Specifically, in the Object Prediction task, researchers randomly masked 30% of all the objects nodes in the scene graph, such as “house” in the image above, and trained the model to predict as a visual cloze test.
It’s the same with the Attribute Prediction task, where the model is tasked to uncover 30% of masked attribute nodes, such as “blue dress” in the image above. With the Relationship Prediction task, researchers kept the objects and masked out the relationship node, such as “the cat on top of the car”.
ERNIE-ViL is essentially a two-stream cross-modal Transformers network. Similar to VilBERT from Facebook AI, ERNIE-ViL consists of two parallel BERT-style models operating over image regions and text segments.
In addition to the three scene graph prediction tasks, ERNIE-ViL is also trained with Masked Language Modelling (MLM) Masked Region Prediction and Image-text matching.
In the experiments, our researchers compared pre-training ERNIE-ViL model against other cross-modal pre-training models. ERNIE-ViL achieved state-of-the-art results on all downstream tasks, including Visual Question Answering (VQA), Image-Retrieval (IR), Text-Retrieval (TR), and Referring Expressions Comprehension (RefCOCO+).
In VCR, which contains visual question answering (Q→A) and answer justification (QA→R), which are both multiple choice problems, a model is tasked not only to answer commonsense visual questions, but also provide a rationale that explains why the answer is true. ERNIE-ViL is the best single model on VCR, scoring 79.2 in Q->A and 83.5 in QA->R, with a total of 66.3.

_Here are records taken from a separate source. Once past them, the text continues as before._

lemma degree_homog_le: "degree (homog c x) \<le> deg_xn c"
  by (rule degree_le) (simp add: coeff_homog)

lemma bf_eval_homog: "bf_eval (homog c x) a b = (\<Sum>k\<le>deg_xn c. c k x * a ^ k * b ^ (deg_xn c - k))"
  by (simp add: bf_eval_def homog_def poly_sum poly_monom poly_const_pow mult_ac)

lemma homog_eq_0_iff: "homog c x = 0 \<longleftrightarrow> evalP c x = 0"
  by (simp add: poly_eq_iff coeff_homog coeff_evalP)

lemma bf_eval_homog_affine: "bf_eval (homog c x) r 1 = poly (evalP c x) r"
  by (simp add: bf_eval_homog poly_evalP)

lemma bf_eval_homog_infinity: "bf_eval (homog c x) a 0 = c (deg_xn c) x * a ^ deg_xn c"
proof -
  have "(\<Sum>k\<le>deg_xn c. c k x * a ^ k * (0::real) ^ (deg_xn c - k))
      = (\<Sum>k\<in>{deg_xn c}. c k x * a ^ k * (0::real) ^ (deg_xn c - k))"
    by (rule sum.mono_neutral_right) auto
  then show ?thesis by (simp add: bf_eval_homog)
qed

lemma bf_eval_homog_scale:
  "bf_eval (homog c x) (t * a) (t * b) = t ^ deg_xn c * bf_eval (homog c x) a b"
proof -
  have "c k x * (t*a) ^ k * (t*b) ^ (deg_xn c - k) = t ^ deg_xn c * (c k x * a ^ k * b ^ (deg_xn c - k))"
    if "k \<le> deg_xn c" for k
  proof -
    have "t ^ k * t ^ (deg_xn c - k) = t ^ deg_xn c"
      using that by (simp add: power_add[symmetric])
    then show ?thesis by (simp add: power_mult_distrib)
  qed
  then show ?thesis
    unfolding bf_eval_homog sum_distrib_left by (intro sum.cong) auto
qed

text \<open>Substituting u := u + r v turns u - r v into u, and coefficient j (in u) of the shifted
  form is v^(d-j) times coefficient j of the Taylor shift of evalP c x at r; so both sides say
  that these coefficients vanish for j < m.\<close>
lemma lin_form_power_dvd_homog_iff:
  "lin_form r 1 ^ m dvd homog c x \<longleftrightarrow> [:-r,1:] ^ m dvd evalP c x"
proof -
  define d where "d = deg_xn c"
  define T where "T j = (\<Sum>k\<le>d. c k x * (of_nat (k choose j) * r ^ (k - j)))" for j
  have lin: "lin_form r 1 = [:-[:0,r:], 1:]" by (simp add: lin_form_def one_pCons)
  have r_monom: "[:0, r:] ^ n = monom (r ^ n) n" for n
  proof -
    have "[:0, r:] = monom r 1" by (simp add: monom_altdef)
    then show ?thesis by (simp add: monom_power)
  qed
  have shifted_homog: "coeff (pcompose (homog c x) [:[:0,r:],1:]) j = monom (T j) (d - j)" for j
  proof -
    have "coeff (pcompose (homog c x) [:[:0,r:],1:]) j
        = (\<Sum>k\<le>d. coeff (homog c x) k * (of_nat (k choose j) * [:0,r:] ^ (k - j)))"
      by (rule coeff_pcompose_linear_shift) (simp add: degree_homog_le d_def)
    also have "\<dots> = (\<Sum>k\<le>d. monom (c k x * (of_nat (k choose j) * r ^ (k - j))) (d - j))"
    proof (rule sum.cong[OF refl])
      fix k assume k: "k \<in> {..d}"
      show "coeff (homog c x) k * (of_nat (k choose j) * [:0, r:] ^ (k - j)) =
          monom (c k x * (of_nat (k choose j) * r ^ (k - j))) (d - j)"
      proof (cases "j \<le> k")
        case True
        then have "d - k + (k - j) = d - j" using k by auto
        then show ?thesis using k
          by (simp add: coeff_homog d_def[symmetric] r_monom of_nat_poly smult_monom
              mult_monom mult_ac)
      next
        case False
        then show ?thesis by (simp add: binomial_eq_0)
      qed
    qed
    also have "\<dots> = monom (T j) (d - j)" by (simp add: T_def monom_sum)
    finally show ?thesis .
  qed
  have shifted_evalP: "coeff (pcompose (evalP c x) [:r,1:]) j = T j" for j
    unfolding T_def by (subst coeff_pcompose_linear_shift[OF degree_evalP_le]) (simp add: coeff_evalP d_def)
  show ?thesis
    unfolding lin linear_power_dvd_iff_coeff_shift shifted_homog shifted_evalP by simp
qed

Researchers also assessed the effectiveness of incorporating knowledge from the scene graph using visual language cloze tests. Compared to the baseline model, which is pre-trained without the Masked Scene Graph prediction task, ERNIE-ViL demonstrates an absolute improvement of 2.12% for objects, 1.31% for relationships and 6.00% for attributes. As shown in the illustration below, ERNIE-ViL can deliver more accurate predictions with higher confidence in most cases compared to the baseline model
We believe scene graph may promise more potential in multimodal pretraining. For future work, the scene graph extracted from images could also be incorporated into cross-modal pre-training. Moreover, Graph Neural Networks could also be considered to integrate more structured knowledge.